His own poetry deals with those primitive energies – ecstasy and terror – that cannot be approached by pure intellectual means and have been dismissed from the daylight experience of civilized man. Linked to the retrieval of archaic fantasies, mystical participations and primitive energies, modern art implied a retrieval of the invisible roots of our conscious thoughts and the assimilation of “the stratifications of history that cover savagery”.
15 In 1923, almost two years after the publication of Joyce’s Ulysses and a year after the publication of The Waste Land, Eliot hailed Joyce as the discoverer of a new artistic technique, “the mythical method”, which held for him “the importance of a scientific discovery”. 16 In Ulysses, Joyce used the Homeric argument of the Odyssey as the informing structure of the contemporary adventures of Leopold Bloom during his one-day wanderings through modern Dublin.
Eliot defined the mythical method as a “continuous parallel between contemporaneity and antiquity” which implied “a way of controlling, of ordering, of giving shape and significance to the immense panorama of futility and anarchy which is contemporary history”. 17 Regardless of what the mythical method might have meant for Joyce in “Ulysses, Order and Myth”, Eliot was indirectly expounding the structural principles that informed his own poem.

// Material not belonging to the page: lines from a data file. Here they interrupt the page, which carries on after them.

text \<open>Writing \<open>z = t b + y\<close> with \<open>y \<in> span B\<close>, the positive distance \<open>d\<close> of \<open>b\<close> from the closed
  subspace \<open>span B\<close> bounds \<open>\<bar>t\<bar> \<le> \<parallel>z\<parallel>/d\<close>, so the ball in \<open>span (insert b B)\<close> lies in the
  continuous image of a compact box \<open>[-R/d, R/d] \<times> (span B \<inter> cball 0 R')\<close>.\<close>
lemma compact_span_insert_Int_cball:
  fixes b :: "'a::real_normed_vector"
  assumes IH: "\<And>R. compact (span B \<inter> cball 0 R)" and b: "b \<notin> span B"
  shows "compact (span (insert b B) \<inter> cball 0 R)"
proof -
  define d where "d = infdist b (span B)"
  have "d > 0" unfolding d_def
    using infdist_pos_not_in_closed closed_if_compact_Int_cball[OF IH] span_zero b by blast
  define C where "C = (\<lambda>p. fst p *\<^sub>R b + snd p) `
    ({-R/d..R/d} \<times> (span B \<inter> cball 0 (R + R/d * norm b)))"
  have "compact C" unfolding C_def
    by (intro compact_continuous_image continuous_intros compact_Times IH compact_Icc)
  have "C \<subseteq> span (insert b B)"
  proof
    fix z assume "z \<in> C"
    then obtain t y where "z = t *\<^sub>R b + y" "y \<in> span B" unfolding C_def by auto
    then show "z \<in> span (insert b B)"
      by (metis span_add span_base span_mono span_scale insertI1 subset_insertI subsetD)
  qed
  moreover have "z \<in> C" if z: "z \<in> span (insert b B)" "norm z \<le> R" for z
  proof -
    obtain t where y: "z - t *\<^sub>R b \<in> span B" using z by (auto simp: span_insert)
    have "\<bar>t\<bar> * d \<le> R"
      using abs_mult_infdist_le_norm[OF subspace_span y, of t b] z(2) by (simp add: d_def)
    then have t: "\<bar>t\<bar> \<le> R / d" using \<open>d > 0\<close> by (simp add: field_simps)
    have "norm (z - t *\<^sub>R b) \<le> norm z + \<bar>t\<bar> * norm b"
      using norm_triangle_ineq4[of z "t *\<^sub>R b"] by simp
    also have "\<dots> \<le> R + R/d * norm b"
      using z(2) mult_right_mono[OF t norm_ge_zero[of b]] by simp
    finally show ?thesis
      unfolding C_def using y t by (auto intro!: image_eqI[of _ _ "(t, z - t *\<^sub>R b)"])
  qed
  ultimately have "span (insert b B) \<inter> cball 0 R = C \<inter> cball 0 R" by auto
  then show ?thesis using \<open>compact C\<close> by (simp add: compact_Int_closed)
qed

lemma compact_span_Int_cball:
  fixes B :: "'a::real_normed_vector set"
  assumes "finite B"
  shows "compact (span B \<inter> cball 0 R)"
  using assms
proof (induction arbitrary: R rule: finite_induct)
  case empty
  show ?case by (intro compact_Int_closed) auto
next
  case (insert b B)
  then show ?case
    by (cases "b \<in> span B") (simp_all add: span_redundant compact_span_insert_Int_cball)
qed

lemma compact_if_finite_span_UNIV:
  fixes B S :: "'a::real_normed_vector set"
  assumes "finite B" "span B = UNIV" "bounded S" "closed S"
  shows "compact S"
proof -
  obtain R where "\<forall>x\<in>S. norm x \<le> R" using assms(3) bounded_pos by blast
  then have "S = (span B \<inter> cball 0 R) \<inter> S" using assms(2) by auto
  then show ?thesis using compact_Int_closed[OF compact_span_Int_cball[OF assms(1)] assms(4)]
    by metis
qed

lemma zero_if_norm_le_dist_closure:
  fixes v x :: "'a::real_normed_vector"
  assumes "x \<in> closure S" "\<And>p. p \<in> S \<Longrightarrow> norm v \<le> dist p x"
  shows "v = 0"
proof -
  have "norm v \<le> e" if "e > 0" for e
    using assms that unfolding closure_approachable by (meson less_le_not_le order_trans)
  then show ?thesis by (metis norm_le_zero_iff field_le_epsilon add_0)
qed

lemma directed_has_minimum_if_compact:
  fixes R :: "'a::topological_space \<Rightarrow> 'a \<Rightarrow> bool"
  assumes "reflp R" "transp R"
    and closed: "\<And>v. closed {w. R w v}"
    and "z \<in> U" and compact: "compact (U \<inter> {w. R w z})"
    and directed: "\<And>v v'. v \<in> U \<Longrightarrow> v' \<in> U \<Longrightarrow> \<exists>m\<in>U. R m v \<and> R m v'"
  shows "\<exists>a\<in>U. \<forall>v\<in>U. R a v"
proof -
  have lower_bound: "\<exists>m\<in>U. R m z \<and> (\<forall>v\<in>F. R m v)" if "finite F" "F \<subseteq> U" for F
    using that
  proof (induction rule: finite_induct)
    case empty then show ?case using \<open>z \<in> U\<close> \<open>reflp R\<close> by (auto dest: reflpD)
  next
    case (insert v F)
    then obtain m where m: "m \<in> U" "R m z" "\<forall>v\<in>F. R m v" by blast
    moreover obtain m' where "m' \<in> U" "R m' m" "R m' v" using directed insert.prems m(1) by blast
    ultimately have "R m' z" "\<forall>v\<in>F. R m' v" using \<open>transp R\<close> by (auto dest: transpD)
    with \<open>m' \<in> U\<close> \<open>R m' v\<close> show ?case by blast
  qed
  have "(U \<inter> {w. R w z}) \<inter> (\<Inter>v\<in>U. {w. R w v}) \<noteq> {}"
  proof (rule compact_imp_fip_image[OF compact closed])
    fix F assume "finite F" "F \<subseteq> U"
    then obtain m where "m \<in> U" "R m z" "\<forall>v\<in>F. R m v" using lower_bound by blast
    then show "(U \<inter> {w. R w z}) \<inter> (\<Inter>v\<in>F. {w. R w v}) \<noteq> {}" by blast
  qed
  then show ?thesis by auto
qed

lemma pordered_vsD:
  assumes "pordered_vs R"
  shows pordered_vs_refl: "R x x"
    and pordered_vs_antisym: "R x y \<Longrightarrow> R y x \<Longrightarrow> x = y"
    and pordered_vs_trans: "R x y \<Longrightarrow> R y z \<Longrightarrow> R x z"
    and pordered_vs_add_right: "R x y \<Longrightarrow> R (x + c) (y + c)"
  using assms unfolding pordered_vs_def by blast+

lemma pordered_vs_iff_diff_pos:
  assumes "pordered_vs R"
  shows "R x y \<longleftrightarrow> R 0 (y - x)"
  using pordered_vs_add_right[OF assms, of x y "- x"] pordered_vs_add_right[OF assms, of 0 "y - x" x]
  by auto

lemma pordered_vs_neg:
  assumes "pordered_vs R" "R x y"
  shows "R (- y) (- x)"
proof -
  have "- x - - y = y - x" by simp
  then show ?thesis using assms pordered_vs_iff_diff_pos[OF assms(1)] by metis
qed

lemma pordered_vs_add_mono:
  assumes "pordered_vs R" "R a b" "R c d"
  shows "R (a + c) (b + d)"
proof -
  have "R (a + c) (b + c)" "R (c + b) (d + b)"
    using assms pordered_vs_add_right[OF assms(1)] by blast+
  then show ?thesis using pordered_vs_trans[OF assms(1)] by (simp add: add.commute)
qed

lemma pordered_vs_add_pos:
  assumes "pordered_vs R" "R 0 a" "R 0 b"
  shows "R 0 (a + b)"
  using pordered_vs_add_mono[OF assms] by simp

lemma pordered_vs_common_upper_bound:
  assumes "pordered_vs R" "generating_cone R"
  shows "\<exists>z. R x z \<and> R y z"
proof -
  obtain a b c d where "R 0 a" "R 0 b" "x = a - b" "R 0 c" "R 0 d" "y = c - d"
    using assms(2) unfolding generating_cone_def by metis
  moreover have "a + c - x = b + c" "a + c - y = a + d" using \<open>x = a - b\<close> \<open>y = c - d\<close> by simp_all
  ultimately have "R 0 (a + c - x)" "R 0 (a + c - y)"
    using pordered_vs_add_pos[OF assms(1)] by simp_all
  then show ?thesis using pordered_vs_iff_diff_pos[OF assms(1)] by blast
qed

lemma is_lattice_order_if_sups:
  assumes "pordered_vs R" and sup: "\<And>x y. \<exists>s. is_least_wrt R {w. R x w \<and> R y w} s"
  shows "is_lattice_order R"
  unfolding is_lattice_order_def
proof (intro conjI allI)
  fix x y
  obtain s where s: "is_least_wrt R {w. R (- x) w \<and> R (- y) w} s" using sup by blast
  have "is_greatest_wrt R {w. R w x \<and> R w y} (- s)"
    unfolding is_greatest_wrt_def
  proof (intro conjI ballI)
    show "- s \<in> {w. R w x \<and> R w y}"
      using s pordered_vs_neg[OF assms(1), of "- x" s] pordered_vs_neg[OF assms(1), of "- y" s]
      unfolding is_least_wrt_def by simp
    fix w assume "w \<in> {w. R w x \<and> R w y}"
    then have "R s (- w)" using s pordered_vs_neg[OF assms(1)] unfolding is_least_wrt_def by simp
    then show "R w (- s)" using pordered_vs_neg[OF assms(1), of s "- w"] by simp
  qed
  then show "\<exists>i. is_greatest_wrt R {w. R w x \<and> R w y} i" by blast
qed (rule sup)

lemma the_least_wrt:
  assumes "pordered_vs R" "is_least_wrt R S w"
  shows "(THE w. is_least_wrt R S w) = w"
  using assms pordered_vs_antisym[OF assms(1)] unfolding is_least_wrt_def by (intro the_equality) blast+

lemma the_greatest_wrt:
  assumes "pordered_vs R" "is_greatest_wrt R S w"
  shows "(THE w. is_greatest_wrt R S w) = w"
  using assms pordered_vs_antisym[OF assms(1)] unfolding is_greatest_wrt_def by (intro the_equality) blast+

locale mixed_lattice =
  fixes le sle :: "'a::real_vector \<Rightarrow> 'a \<Rightarrow> bool"
  assumes mixed_lattice: "mixed_lattice_vs le sle"
begin

lemma le_order: "pordered_vs le" and sle_order: "pordered_vs sle"
  and sle_imp_le: "sle x y \<Longrightarrow> le x y"
  and mlow_pos: "sle 0 x \<Longrightarrow> sle 0 y \<Longrightarrow> sle 0 (mlow le sle x y)"
  using mixed_lattice unfolding mixed_lattice_vs_def by blast+

lemma reflp_le: "reflp le" and transp_le: "transp le"
  using pordered_vs_refl[OF le_order] pordered_vs_trans[OF le_order]
  by (auto intro: reflpI transpI)

lemma mup_least: "is_least_wrt le {w. sle x w \<and> le y w} (mup le sle x y)"
proof -
  obtain w where "is_least_wrt le {w. sle x w \<and> le y w} w"
    using mixed_lattice unfolding mixed_lattice_vs_def by blast
  then show ?thesis unfolding mup_def using the_least_wrt[OF le_order] by simp
qed

lemma mlow_greatest: "is_greatest_wrt le {w. sle w x \<and> le w y} (mlow le sle x y)"
proof -
  obtain w where "is_greatest_wrt le {w. sle w x \<and> le w y} w"
    using mixed_lattice unfolding mixed_lattice_vs_def by blast
  then show ?thesis unfolding mlow_def using the_greatest_wrt[OF le_order] by simp
qed

lemma mup_sle: "sle x (mup le sle x y)" and mup_le: "le y (mup le sle x y)"
  and mup_least_le: "sle x w \<Longrightarrow> le y w \<Longrightarrow> le (mup le sle x y) w"
  using mup_least[of x y] unfolding is_least_wrt_def by auto

lemma mlow_sle: "sle (mlow le sle x y) x" and mlow_le: "le (mlow le sle x y) y"
  and mlow_greatest_le: "sle w x \<Longrightarrow> le w y \<Longrightarrow> le w (mlow le sle x y)"
  using mlow_greatest[of x y] unfolding is_greatest_wrt_def by auto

The new literary method, Eliot emphasized, had been made possible by the new discoveries in “psychology …
ethnology, and The Golden Bough”,18 Frazer’s encyclopaedic compendium of classical texts, folklore, comparative religions, immemorial rites and faiths. Unlike Joyce, Eliot did not resort to a specific myth, but to a web of classical and anthropological sources. With its montages of overlapping traditions, The Waste Land shares the anthropological aspiration of setting up correspondences, analogies and equivalences between different cultures belonging to various temporal and cultural perspectives.
The poem flows over multitudes of points of view and establishes links between different sets of beliefs that lie at the foundations of “the mind of Europe”, a mind that “abandons nothing en route”,19 conceived as a repository for individual and collective memory. Its atemporal nature is endowed with an almost Jungian blend of mythic time and psychological history. The Waste Land is the poetical illustration of Eliot’s historical sense and what it means to write with “a feeling that the whole of literature from Homer … has a simultaneous existence and composes a simultaneous order”.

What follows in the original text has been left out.